Activity:
Write out, word for word, the part of the listing below that opens with the line containing "proof (rule sum.cong[OF refl])" and closes with the line containing "E \<and> (\<forall>v\<in>V.", keeping both of those lines and adding no others.

Input records:
──────

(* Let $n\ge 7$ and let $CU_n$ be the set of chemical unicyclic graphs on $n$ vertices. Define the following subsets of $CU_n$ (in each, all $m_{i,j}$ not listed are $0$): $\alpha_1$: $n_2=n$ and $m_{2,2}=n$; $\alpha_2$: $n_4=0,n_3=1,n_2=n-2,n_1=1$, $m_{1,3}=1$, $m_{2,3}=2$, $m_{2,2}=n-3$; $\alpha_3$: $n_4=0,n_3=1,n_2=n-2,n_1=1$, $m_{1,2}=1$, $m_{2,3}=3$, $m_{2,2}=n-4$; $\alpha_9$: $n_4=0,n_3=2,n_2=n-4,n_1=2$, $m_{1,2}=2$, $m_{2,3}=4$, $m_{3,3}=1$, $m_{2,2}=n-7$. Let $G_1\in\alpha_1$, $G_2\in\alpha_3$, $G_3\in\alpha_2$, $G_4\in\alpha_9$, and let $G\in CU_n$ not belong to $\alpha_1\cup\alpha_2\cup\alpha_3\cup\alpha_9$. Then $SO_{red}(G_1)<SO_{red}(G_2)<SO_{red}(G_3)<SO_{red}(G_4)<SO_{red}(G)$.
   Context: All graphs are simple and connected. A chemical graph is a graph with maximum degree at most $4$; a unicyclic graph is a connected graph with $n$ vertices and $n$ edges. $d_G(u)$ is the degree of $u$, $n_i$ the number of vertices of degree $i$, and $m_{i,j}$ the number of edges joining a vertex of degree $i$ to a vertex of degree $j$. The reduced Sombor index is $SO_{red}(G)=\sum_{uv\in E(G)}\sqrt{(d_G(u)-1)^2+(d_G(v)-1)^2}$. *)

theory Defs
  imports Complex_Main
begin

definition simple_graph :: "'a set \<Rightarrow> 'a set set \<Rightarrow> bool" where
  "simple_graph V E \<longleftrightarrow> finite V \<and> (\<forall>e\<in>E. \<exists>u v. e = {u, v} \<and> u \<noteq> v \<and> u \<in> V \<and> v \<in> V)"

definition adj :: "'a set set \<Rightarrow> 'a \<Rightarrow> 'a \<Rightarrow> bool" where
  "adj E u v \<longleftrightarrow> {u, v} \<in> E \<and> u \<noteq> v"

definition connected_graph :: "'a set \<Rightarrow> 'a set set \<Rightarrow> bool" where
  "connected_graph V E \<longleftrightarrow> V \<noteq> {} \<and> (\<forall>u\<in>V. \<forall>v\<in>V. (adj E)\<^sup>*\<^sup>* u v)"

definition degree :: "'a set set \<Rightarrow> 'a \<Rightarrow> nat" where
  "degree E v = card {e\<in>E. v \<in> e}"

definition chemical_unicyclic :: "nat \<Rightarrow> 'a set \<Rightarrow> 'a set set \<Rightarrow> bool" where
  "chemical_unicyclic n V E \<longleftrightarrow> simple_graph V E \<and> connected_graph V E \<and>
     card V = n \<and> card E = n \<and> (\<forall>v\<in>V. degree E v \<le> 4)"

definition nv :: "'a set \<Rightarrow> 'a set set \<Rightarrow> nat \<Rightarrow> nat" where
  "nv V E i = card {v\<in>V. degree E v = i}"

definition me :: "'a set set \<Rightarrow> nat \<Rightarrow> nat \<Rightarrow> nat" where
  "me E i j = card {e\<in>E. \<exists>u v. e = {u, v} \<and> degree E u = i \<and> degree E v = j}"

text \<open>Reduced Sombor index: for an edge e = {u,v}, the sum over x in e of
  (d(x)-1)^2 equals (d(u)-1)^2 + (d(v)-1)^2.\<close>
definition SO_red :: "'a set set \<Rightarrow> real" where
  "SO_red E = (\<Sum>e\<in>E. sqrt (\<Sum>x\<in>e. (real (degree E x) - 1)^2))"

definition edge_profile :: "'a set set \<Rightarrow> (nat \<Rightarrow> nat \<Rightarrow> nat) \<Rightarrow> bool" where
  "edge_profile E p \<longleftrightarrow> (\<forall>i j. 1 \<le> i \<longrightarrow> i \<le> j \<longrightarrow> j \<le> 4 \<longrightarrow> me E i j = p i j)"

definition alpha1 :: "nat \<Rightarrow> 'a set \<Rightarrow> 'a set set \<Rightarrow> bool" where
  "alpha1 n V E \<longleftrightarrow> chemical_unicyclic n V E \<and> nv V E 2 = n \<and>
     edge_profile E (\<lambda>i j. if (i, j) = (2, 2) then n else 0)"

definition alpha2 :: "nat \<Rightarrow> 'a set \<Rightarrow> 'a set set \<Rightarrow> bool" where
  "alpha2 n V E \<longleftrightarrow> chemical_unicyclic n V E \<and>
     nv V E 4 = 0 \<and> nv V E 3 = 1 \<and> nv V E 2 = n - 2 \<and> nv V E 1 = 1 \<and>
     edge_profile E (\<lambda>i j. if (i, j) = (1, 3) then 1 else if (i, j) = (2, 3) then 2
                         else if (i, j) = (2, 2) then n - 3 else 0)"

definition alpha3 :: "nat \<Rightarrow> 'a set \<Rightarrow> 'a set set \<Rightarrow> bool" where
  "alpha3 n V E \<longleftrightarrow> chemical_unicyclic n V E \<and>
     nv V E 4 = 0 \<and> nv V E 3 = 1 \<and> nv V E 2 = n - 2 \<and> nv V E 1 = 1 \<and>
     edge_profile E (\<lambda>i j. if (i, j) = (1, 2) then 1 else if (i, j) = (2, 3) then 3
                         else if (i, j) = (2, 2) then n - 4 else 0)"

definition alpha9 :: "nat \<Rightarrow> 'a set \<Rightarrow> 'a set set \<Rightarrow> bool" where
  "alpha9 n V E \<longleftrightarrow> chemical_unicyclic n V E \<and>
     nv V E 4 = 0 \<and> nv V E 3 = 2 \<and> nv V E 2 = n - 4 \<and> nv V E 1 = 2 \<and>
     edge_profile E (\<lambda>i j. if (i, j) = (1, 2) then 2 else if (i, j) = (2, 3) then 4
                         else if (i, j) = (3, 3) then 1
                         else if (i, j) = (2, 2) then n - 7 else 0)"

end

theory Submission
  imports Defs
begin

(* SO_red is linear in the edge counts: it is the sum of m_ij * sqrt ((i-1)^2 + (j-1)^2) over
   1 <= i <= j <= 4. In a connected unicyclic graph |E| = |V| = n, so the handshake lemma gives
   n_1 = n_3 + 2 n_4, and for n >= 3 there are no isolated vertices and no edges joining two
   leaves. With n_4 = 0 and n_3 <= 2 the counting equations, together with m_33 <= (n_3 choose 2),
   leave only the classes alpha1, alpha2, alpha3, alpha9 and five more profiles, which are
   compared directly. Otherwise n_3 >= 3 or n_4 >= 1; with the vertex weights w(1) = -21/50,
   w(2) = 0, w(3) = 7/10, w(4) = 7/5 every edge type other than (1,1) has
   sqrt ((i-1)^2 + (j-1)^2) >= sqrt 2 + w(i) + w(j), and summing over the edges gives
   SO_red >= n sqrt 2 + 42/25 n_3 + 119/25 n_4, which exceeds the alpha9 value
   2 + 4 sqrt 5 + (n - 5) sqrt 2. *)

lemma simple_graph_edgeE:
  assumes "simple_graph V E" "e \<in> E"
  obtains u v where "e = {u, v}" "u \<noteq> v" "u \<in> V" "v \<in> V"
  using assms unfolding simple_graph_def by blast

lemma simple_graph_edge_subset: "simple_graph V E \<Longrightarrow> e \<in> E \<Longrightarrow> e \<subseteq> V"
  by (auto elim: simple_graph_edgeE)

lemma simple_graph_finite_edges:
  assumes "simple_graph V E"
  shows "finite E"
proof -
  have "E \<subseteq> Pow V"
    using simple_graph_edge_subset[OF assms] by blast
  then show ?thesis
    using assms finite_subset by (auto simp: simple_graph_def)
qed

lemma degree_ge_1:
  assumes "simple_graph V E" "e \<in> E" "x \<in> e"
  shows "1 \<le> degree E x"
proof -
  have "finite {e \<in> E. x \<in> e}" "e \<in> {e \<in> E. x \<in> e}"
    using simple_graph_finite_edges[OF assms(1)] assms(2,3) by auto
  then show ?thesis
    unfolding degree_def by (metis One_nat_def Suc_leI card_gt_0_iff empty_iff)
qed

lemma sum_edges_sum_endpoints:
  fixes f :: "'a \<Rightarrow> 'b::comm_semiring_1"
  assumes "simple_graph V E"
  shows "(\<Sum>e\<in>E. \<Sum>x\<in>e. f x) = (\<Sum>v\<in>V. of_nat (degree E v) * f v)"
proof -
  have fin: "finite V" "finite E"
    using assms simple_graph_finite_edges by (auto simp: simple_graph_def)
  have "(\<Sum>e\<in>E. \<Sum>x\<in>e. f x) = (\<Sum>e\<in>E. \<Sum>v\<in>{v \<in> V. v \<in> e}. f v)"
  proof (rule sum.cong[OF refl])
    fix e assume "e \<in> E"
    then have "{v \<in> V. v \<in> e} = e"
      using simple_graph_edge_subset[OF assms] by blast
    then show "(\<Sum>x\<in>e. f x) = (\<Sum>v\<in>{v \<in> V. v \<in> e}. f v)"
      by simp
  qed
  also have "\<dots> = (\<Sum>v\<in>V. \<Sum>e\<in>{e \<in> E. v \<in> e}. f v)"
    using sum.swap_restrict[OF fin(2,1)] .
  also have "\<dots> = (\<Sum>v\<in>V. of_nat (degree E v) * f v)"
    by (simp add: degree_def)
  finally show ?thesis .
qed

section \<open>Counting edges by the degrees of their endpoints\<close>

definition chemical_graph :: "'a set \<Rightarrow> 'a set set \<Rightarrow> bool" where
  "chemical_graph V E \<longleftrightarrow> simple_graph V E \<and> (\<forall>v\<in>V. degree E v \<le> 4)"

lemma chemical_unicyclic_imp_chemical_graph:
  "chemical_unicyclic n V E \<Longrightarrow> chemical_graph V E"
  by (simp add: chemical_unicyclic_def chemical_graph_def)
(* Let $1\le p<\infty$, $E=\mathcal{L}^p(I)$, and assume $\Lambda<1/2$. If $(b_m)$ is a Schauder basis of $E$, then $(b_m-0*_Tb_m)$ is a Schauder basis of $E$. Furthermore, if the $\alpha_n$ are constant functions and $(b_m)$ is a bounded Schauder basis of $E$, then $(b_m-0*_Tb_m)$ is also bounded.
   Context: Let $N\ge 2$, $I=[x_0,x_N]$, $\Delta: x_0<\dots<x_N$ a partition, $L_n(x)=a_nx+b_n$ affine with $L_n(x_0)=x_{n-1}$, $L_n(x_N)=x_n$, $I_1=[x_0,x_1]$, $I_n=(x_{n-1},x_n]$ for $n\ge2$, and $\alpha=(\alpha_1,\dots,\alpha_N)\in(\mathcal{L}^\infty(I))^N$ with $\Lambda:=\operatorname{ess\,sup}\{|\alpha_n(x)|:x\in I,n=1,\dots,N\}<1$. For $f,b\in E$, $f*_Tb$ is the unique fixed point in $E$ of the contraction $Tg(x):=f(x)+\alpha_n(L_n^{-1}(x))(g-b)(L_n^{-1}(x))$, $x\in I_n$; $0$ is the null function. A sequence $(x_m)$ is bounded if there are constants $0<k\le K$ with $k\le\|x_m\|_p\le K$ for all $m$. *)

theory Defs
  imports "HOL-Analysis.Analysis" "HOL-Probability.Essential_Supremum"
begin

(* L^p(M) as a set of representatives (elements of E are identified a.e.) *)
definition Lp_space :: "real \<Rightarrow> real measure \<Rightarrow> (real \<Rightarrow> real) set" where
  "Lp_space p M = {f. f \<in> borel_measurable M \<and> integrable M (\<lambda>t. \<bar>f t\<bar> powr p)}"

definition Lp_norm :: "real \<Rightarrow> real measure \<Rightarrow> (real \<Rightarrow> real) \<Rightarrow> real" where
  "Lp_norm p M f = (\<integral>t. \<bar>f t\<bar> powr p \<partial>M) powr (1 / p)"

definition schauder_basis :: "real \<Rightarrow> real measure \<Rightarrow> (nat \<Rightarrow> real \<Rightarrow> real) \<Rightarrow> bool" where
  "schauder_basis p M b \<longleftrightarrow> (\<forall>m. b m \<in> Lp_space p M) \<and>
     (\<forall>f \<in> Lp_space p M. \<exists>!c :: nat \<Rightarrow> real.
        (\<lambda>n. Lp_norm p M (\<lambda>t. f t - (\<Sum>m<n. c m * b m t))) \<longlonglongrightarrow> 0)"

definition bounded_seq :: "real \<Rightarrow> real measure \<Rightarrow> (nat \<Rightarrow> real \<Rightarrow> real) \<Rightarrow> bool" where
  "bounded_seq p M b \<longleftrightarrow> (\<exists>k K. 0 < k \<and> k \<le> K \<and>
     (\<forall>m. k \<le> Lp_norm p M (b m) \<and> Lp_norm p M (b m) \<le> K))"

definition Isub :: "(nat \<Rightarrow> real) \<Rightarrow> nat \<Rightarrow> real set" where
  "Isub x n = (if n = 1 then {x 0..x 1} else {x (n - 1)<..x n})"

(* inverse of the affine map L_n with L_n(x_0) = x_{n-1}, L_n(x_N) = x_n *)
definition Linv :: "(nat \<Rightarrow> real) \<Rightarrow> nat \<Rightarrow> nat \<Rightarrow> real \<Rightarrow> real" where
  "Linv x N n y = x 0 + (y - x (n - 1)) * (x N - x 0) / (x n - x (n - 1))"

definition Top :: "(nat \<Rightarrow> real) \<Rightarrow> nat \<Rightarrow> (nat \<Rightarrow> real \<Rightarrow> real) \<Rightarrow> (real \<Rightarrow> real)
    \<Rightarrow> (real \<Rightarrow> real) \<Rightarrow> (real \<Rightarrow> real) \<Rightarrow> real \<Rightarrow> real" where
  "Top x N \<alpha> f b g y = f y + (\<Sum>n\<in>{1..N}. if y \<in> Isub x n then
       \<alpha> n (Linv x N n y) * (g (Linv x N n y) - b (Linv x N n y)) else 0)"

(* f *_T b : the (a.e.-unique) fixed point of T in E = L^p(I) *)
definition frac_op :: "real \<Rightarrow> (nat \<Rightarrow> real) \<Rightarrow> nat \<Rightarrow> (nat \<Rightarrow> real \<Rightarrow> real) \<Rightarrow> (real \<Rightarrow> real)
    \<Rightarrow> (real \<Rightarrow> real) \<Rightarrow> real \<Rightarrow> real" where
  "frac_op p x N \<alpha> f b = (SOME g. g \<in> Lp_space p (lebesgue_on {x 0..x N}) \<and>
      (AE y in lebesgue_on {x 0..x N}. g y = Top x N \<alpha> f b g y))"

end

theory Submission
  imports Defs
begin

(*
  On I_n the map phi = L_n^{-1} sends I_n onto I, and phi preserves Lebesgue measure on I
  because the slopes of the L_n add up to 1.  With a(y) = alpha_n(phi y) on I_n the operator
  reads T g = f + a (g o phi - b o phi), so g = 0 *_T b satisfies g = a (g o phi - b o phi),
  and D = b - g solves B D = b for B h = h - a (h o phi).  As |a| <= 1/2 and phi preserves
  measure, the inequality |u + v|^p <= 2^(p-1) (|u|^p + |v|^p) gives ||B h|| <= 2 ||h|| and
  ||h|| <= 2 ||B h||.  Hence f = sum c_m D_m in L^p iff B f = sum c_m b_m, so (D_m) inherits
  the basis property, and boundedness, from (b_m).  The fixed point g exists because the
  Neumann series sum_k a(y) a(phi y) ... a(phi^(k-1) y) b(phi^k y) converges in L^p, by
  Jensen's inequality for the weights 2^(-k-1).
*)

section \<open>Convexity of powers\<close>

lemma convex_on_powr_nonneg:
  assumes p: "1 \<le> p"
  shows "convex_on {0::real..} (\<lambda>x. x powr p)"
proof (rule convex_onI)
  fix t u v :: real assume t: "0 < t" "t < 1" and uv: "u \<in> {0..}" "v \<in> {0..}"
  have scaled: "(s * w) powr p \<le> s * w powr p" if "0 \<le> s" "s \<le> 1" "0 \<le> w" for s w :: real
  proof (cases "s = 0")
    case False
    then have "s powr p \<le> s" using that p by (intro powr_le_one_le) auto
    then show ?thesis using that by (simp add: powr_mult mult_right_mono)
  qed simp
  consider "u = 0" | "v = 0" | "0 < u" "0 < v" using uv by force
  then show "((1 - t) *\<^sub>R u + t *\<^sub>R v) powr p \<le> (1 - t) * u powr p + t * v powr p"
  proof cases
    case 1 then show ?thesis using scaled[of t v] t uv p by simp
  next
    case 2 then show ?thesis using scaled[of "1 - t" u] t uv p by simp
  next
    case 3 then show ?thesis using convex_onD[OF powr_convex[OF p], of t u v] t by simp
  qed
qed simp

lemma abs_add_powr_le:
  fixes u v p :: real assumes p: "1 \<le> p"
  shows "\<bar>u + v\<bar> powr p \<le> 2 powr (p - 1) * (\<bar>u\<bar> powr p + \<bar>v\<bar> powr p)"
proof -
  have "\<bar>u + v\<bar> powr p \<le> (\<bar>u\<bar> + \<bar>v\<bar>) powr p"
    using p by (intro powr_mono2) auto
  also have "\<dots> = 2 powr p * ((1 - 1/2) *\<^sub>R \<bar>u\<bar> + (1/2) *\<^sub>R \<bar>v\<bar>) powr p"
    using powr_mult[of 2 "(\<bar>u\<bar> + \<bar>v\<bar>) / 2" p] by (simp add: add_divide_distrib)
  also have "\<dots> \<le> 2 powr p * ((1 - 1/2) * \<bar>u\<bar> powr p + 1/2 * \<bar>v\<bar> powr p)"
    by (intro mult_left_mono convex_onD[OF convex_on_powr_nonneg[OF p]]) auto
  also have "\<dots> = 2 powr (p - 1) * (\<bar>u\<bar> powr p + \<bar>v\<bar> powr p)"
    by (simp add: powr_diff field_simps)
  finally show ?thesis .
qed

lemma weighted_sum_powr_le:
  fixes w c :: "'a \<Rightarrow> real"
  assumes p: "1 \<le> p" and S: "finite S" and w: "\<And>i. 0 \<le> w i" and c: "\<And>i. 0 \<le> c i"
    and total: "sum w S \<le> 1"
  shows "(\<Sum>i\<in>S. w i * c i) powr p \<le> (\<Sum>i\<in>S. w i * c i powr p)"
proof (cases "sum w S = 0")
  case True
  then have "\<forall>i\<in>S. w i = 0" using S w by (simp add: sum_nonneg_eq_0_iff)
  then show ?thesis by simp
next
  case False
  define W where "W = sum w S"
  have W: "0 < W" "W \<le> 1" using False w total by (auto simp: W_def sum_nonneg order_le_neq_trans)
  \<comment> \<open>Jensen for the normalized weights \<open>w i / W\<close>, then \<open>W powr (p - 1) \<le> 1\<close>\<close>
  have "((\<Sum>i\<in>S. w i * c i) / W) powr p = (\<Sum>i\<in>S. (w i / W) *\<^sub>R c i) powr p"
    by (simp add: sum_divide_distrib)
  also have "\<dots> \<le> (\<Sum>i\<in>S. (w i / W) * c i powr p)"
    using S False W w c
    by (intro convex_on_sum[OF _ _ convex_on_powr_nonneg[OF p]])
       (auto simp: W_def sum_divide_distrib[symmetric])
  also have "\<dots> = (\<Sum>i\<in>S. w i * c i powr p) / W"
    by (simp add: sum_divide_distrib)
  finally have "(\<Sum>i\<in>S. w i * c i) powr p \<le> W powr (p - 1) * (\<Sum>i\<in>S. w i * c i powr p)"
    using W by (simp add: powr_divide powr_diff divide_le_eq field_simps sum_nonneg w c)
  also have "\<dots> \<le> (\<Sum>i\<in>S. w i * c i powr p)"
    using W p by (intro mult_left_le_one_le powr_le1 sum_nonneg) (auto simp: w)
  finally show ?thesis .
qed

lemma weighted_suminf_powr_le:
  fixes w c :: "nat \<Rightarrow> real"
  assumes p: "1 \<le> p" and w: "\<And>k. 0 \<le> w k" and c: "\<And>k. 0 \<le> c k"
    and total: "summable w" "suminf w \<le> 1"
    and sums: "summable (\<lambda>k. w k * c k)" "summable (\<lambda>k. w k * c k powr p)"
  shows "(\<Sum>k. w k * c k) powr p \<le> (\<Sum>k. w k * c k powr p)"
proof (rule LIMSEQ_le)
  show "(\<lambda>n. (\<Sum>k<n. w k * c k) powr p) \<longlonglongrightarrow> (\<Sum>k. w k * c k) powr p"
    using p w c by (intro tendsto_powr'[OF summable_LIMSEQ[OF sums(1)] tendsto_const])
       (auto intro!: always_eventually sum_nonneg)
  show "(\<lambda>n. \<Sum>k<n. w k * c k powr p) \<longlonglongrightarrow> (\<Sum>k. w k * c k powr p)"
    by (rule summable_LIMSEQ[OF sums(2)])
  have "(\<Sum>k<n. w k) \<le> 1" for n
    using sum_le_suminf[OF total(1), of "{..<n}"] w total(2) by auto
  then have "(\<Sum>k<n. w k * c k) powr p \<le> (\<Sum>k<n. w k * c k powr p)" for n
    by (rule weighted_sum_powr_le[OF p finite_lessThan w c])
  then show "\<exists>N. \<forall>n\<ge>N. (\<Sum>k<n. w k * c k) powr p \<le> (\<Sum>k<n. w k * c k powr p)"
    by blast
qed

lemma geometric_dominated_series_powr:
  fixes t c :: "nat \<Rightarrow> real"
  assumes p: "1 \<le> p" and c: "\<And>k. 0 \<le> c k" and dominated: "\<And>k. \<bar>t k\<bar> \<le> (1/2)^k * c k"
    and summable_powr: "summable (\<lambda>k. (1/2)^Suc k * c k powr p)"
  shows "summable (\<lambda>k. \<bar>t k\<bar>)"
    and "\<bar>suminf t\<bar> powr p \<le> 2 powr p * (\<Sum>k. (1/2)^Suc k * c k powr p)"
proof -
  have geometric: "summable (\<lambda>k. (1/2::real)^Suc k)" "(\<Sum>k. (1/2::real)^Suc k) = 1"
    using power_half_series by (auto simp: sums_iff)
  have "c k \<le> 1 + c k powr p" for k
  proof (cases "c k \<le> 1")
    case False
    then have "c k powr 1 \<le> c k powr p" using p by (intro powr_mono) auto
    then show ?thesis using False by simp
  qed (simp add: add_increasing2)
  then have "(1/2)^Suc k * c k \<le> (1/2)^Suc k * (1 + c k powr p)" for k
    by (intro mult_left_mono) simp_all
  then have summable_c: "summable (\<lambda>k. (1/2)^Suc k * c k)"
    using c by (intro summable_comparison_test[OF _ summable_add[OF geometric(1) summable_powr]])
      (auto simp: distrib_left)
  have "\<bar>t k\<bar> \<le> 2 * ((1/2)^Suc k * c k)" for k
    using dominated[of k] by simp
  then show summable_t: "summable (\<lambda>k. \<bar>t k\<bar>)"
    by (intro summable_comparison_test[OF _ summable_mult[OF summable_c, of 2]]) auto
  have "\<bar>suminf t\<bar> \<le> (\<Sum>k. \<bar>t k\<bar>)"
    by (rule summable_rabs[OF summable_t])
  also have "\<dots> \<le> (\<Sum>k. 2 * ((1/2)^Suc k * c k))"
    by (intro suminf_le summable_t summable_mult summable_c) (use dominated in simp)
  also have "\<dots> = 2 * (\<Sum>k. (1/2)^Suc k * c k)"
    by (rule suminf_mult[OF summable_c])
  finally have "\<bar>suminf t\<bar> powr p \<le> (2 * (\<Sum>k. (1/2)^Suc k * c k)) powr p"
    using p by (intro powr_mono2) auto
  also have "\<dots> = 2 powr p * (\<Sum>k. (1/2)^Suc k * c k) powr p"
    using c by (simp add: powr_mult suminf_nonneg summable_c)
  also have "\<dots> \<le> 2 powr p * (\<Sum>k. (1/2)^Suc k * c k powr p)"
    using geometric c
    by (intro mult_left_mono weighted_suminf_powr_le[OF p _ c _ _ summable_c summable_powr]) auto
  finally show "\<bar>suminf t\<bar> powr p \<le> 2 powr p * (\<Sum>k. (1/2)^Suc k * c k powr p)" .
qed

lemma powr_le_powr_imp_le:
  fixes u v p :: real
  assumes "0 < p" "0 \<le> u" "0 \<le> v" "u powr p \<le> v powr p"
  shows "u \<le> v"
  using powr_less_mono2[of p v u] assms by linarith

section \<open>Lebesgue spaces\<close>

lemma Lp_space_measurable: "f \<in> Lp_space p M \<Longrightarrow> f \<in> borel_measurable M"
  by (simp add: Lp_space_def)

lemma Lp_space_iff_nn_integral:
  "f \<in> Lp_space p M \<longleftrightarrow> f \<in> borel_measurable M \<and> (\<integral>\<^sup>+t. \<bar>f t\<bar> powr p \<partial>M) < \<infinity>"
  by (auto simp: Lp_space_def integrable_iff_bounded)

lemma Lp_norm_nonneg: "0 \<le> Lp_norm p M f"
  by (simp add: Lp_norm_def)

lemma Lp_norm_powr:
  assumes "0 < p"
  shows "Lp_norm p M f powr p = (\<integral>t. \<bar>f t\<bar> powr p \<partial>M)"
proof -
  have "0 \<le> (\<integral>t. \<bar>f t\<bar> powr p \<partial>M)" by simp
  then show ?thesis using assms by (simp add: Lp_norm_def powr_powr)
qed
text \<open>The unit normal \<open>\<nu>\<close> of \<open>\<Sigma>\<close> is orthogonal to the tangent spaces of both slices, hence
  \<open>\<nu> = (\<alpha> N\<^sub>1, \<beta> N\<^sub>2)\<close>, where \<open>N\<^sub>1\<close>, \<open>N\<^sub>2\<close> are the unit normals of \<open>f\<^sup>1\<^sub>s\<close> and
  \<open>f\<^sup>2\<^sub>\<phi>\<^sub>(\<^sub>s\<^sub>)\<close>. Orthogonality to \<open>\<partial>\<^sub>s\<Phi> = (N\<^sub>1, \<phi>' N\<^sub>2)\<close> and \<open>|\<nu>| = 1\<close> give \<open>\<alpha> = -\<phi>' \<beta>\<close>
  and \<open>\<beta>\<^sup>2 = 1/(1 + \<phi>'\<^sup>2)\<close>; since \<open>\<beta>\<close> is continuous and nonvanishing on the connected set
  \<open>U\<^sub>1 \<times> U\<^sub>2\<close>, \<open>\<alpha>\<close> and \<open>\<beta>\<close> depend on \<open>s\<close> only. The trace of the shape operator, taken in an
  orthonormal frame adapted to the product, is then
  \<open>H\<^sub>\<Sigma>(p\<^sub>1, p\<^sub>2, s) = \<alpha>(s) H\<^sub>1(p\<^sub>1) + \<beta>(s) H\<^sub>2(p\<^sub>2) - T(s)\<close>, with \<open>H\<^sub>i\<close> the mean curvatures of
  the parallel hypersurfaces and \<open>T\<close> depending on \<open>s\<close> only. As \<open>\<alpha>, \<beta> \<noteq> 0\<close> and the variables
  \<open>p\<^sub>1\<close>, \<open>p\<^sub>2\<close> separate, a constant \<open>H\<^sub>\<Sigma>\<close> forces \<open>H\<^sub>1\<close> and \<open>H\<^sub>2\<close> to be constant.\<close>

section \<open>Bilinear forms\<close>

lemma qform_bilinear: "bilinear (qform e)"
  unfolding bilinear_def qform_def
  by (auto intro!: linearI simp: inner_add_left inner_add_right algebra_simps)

──────

Exercise response:
  proof (rule sum.cong[OF refl])
    fix e assume "e \<in> E"
    then have "{v \<in> V. v \<in> e} = e"
      using simple_graph_edge_subset[OF assms] by blast
    then show "(\<Sum>x\<in>e. f x) = (\<Sum>v\<in>{v \<in> V. v \<in> e}. f v)"
      by simp
  qed
  also have "\<dots> = (\<Sum>v\<in>V. \<Sum>e\<in>{e \<in> E. v \<in> e}. f v)"
    using sum.swap_restrict[OF fin(2,1)] .
  also have "\<dots> = (\<Sum>v\<in>V. of_nat (degree E v) * f v)"
    by (simp add: degree_def)
  finally show ?thesis .
qed

section \<open>Counting edges by the degrees of their endpoints\<close>

definition chemical_graph :: "'a set \<Rightarrow> 'a set set \<Rightarrow> bool" where
  "chemical_graph V E \<longleftrightarrow> simple_graph V E \<and> (\<forall>v\<in>V. degree E v \<le> 4)"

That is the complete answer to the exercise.